** Opening THE INPUT block **

lemma history_pred_all_atMost:
  fixes L :: nat
  shows "(\<And>i. i \<le> L \<Longrightarrow> history_pred n (P i)) \<Longrightarrow> history_pred n (\<lambda>y. \<forall>i\<le>L. P i y)"
  using history_pred_Ball[of "{..L}" n P] by (simp add: Ball_def)

lemma history_pred_all_lessThan:
  fixes L :: nat
  shows "(\<And>i. i < L \<Longrightarrow> history_pred n (P i)) \<Longrightarrow> history_pred n (\<lambda>y. \<forall>i<L. P i y)"
  using history_pred_Ball[of "{..<L}" n P] by (simp add: Ball_def)

lemma history_pred_ex_lessThan:
  fixes L :: nat
  shows "(\<And>i. i < L \<Longrightarrow> history_pred n (P i)) \<Longrightarrow> history_pred n (\<lambda>y. \<exists>i<L. P i y)"
  using history_pred_Bex[of "{..<L}" n P] by (simp add: Bex_def)

lemma history_pred_tube_avoidance:
  fixes K L :: nat and B :: "nat \<Rightarrow> nat \<Rightarrow> 'a::topological_space set"
  assumes "Q \<in> sets borel" "\<And>q i. B q i \<in> sets borel"
  shows "history_pred (n0 + m * Suc L) (\<lambda>y. \<forall>j<m. y (n0 + j * Suc L) \<in> Q
      \<and> \<not> (\<exists>q<K. \<forall>i\<le>L. y (n0 + j * Suc L + i) \<in> B q i))"
proof (intro history_pred_all_lessThan history_pred_conj history_pred_not)
  fix j assume "j < m"
  then have "Suc j * Suc L \<le> m * Suc L" by (intro mult_le_mono1) simp
  then have index_le: "n0 + j * Suc L + i \<le> n0 + m * Suc L" if "i \<le> L" for i using that by simp
  show "history_pred (n0 + m * Suc L) (\<lambda>y. y (n0 + j * Suc L) \<in> Q)"
    using index_le[of 0] by (intro history_pred_component assms(1)) simp
  show "history_pred (n0 + m * Suc L) (\<lambda>y. \<exists>q<K. \<forall>i\<le>L. y (n0 + j * Suc L + i) \<in> B q i)"
    using index_le by (intro history_pred_ex_lessThan history_pred_all_atMost history_pred_component assms(2))
qed

locale random_pseudotrajectory =
  fixes \<mu> :: "'a::metric_space measure" and f :: "'a \<Rightarrow> 'a" and y0 :: 'a and d :: real
    and P :: "(nat \<Rightarrow> 'a) measure"
  assumes law: "random_pt_law \<mu> f y0 d P"
begin

sublocale prob_space P
  using law by (simp add: random_pt_law_def)

lemma sets_P: "sets P = sets (Pi\<^sub>M UNIV (\<lambda>_. borel))"
  using law by (simp add: random_pt_law_def)

lemma history_pred_event: "history_pred n \<Phi> \<Longrightarrow> {y. \<Phi> y} \<in> events"
  using history_pred_sets sets_P by blast

lemma markov_step_lower_bound:
  assumes \<Phi>: "history_pred n \<Phi>" and "A \<in> sets borel" "0 \<le> a"
    and lb: "\<And>y. \<Phi> y \<Longrightarrow> a \<le> trans_prob \<mu> f d (y n) A"
  shows "a * measure P {y. \<Phi> y} \<le> measure P {y. \<Phi> y \<and> y (Suc n) \<in> A}"
proof -
  define C where "C = {x \<in> space (Pi\<^sub>M {..n} (\<lambda>_. borel)). \<Phi> x}"
  have C: "C \<in> sets (Pi\<^sub>M {..n} (\<lambda>_. borel))" unfolding C_def by (rule history_pred_sets_restrict[OF \<Phi>])
  have C_eq: "{y. restrict y {..n} \<in> C} = {y. \<Phi> y}" unfolding C_def by (rule history_pred_restrict[OF \<Phi>])
  have "ennreal a * emeasure P {y. \<Phi> y} = (\<integral>\<^sup>+ y. ennreal a * indicator {y. \<Phi> y} y \<partial>P)"
    by (rule nn_integral_cmult_indicator[OF history_pred_event[OF \<Phi>], symmetric])
  also have "\<dots> \<le> (\<integral>\<^sup>+ y. indicator {y. \<Phi> y} y * ennreal (trans_prob \<mu> f d (y n) A) \<partial>P)"
    using lb by (intro nn_integral_mono) (auto simp: indicator_def ennreal_leI)
  also have "\<dots> = emeasure P {y. restrict y {..n} \<in> C \<and> y (Suc n) \<in> A}"
    using law C \<open>A \<in> sets borel\<close> C_eq unfolding random_pt_law_def by simp
  also have "{y. restrict y {..n} \<in> C \<and> y (Suc n) \<in> A} = {y. \<Phi> y \<and> y (Suc n) \<in> A}"
    using C_eq by blast
  finally show ?thesis using \<open>0 \<le> a\<close> by (simp add: emeasure_eq_measure ennreal_mult[symmetric])
qed

lemma path_lower_bound:
  assumes \<Phi>: "history_pred t \<Phi>" and B: "\<And>i. B i \<in> sets borel" and "0 \<le> a"
    and lb: "\<And>i x. i < L \<Longrightarrow> x \<in> B i \<Longrightarrow> a \<le> trans_prob \<mu> f d x (B (Suc i))"
  shows "a ^ L * measure P {y. \<Phi> y \<and> y t \<in> B 0} \<le> measure P {y. \<Phi> y \<and> (\<forall>i\<le>L. y (t + i) \<in> B i)}"
  using lb
proof (induction L)
  case (Suc L)
  define \<Psi> where "\<Psi> y \<longleftrightarrow> \<Phi> y \<and> (\<forall>i\<le>L. y (t + i) \<in> B i)" for y
  have "history_pred (t + L) \<Psi>"
    unfolding \<Psi>_def
    by (intro history_pred_conj history_pred_mono[OF \<Phi>] history_pred_all_atMost history_pred_component B) auto
  then have "a * measure P {y. \<Psi> y} \<le> measure P {y. \<Psi> y \<and> y (Suc (t + L)) \<in> B (Suc L)}"
    by (rule markov_step_lower_bound[OF _ B \<open>0 \<le> a\<close>]) (use Suc.prems in \<open>auto simp: \<Psi>_def\<close>)
  also have "{y. \<Psi> y \<and> y (Suc (t + L)) \<in> B (Suc L)} = {y. \<Phi> y \<and> (\<forall>i\<le>Suc L. y (t + i) \<in> B i)}"
    unfolding \<Psi>_def by (auto simp: le_Suc_eq)
  finally have "a * measure P {y. \<Psi> y} \<le> measure P {y. \<Phi> y \<and> (\<forall>i\<le>Suc L. y (t + i) \<in> B i)}" .
  moreover have "a ^ L * measure P {y. \<Phi> y \<and> y t \<in> B 0} \<le> measure P {y. \<Psi> y}"
    using Suc unfolding \<Psi>_def by simp
  then have "a * (a ^ L * measure P {y. \<Phi> y \<and> y t \<in> B 0}) \<le> a * measure P {y. \<Psi> y}"
    using \<open>0 \<le> a\<close> by (rule mult_left_mono)
  ultimately show ?case by (simp add: mult.assoc)
qed simp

** Closing THE INPUT block **

> WHAT YOU ARE ASKED TO DO
Retype exactly the lines from the first line of the records above through the line containing "n (\<lambda>y. \<forall>i<L.", both included, and nothing else.

> RESPONSE BOX
lemma history_pred_all_atMost:
  fixes L :: nat
  shows "(\<And>i. i \<le> L \<Longrightarrow> history_pred n (P i)) \<Longrightarrow> history_pred n (\<lambda>y. \<forall>i\<le>L. P i y)"
  using history_pred_Ball[of "{..L}" n P] by (simp add: Ball_def)

lemma history_pred_all_lessThan:
  fixes L :: nat
  shows "(\<And>i. i < L \<Longrightarrow> history_pred n (P i)) \<Longrightarrow> history_pred n (\<lambda>y. \<forall>i<L. P i y)"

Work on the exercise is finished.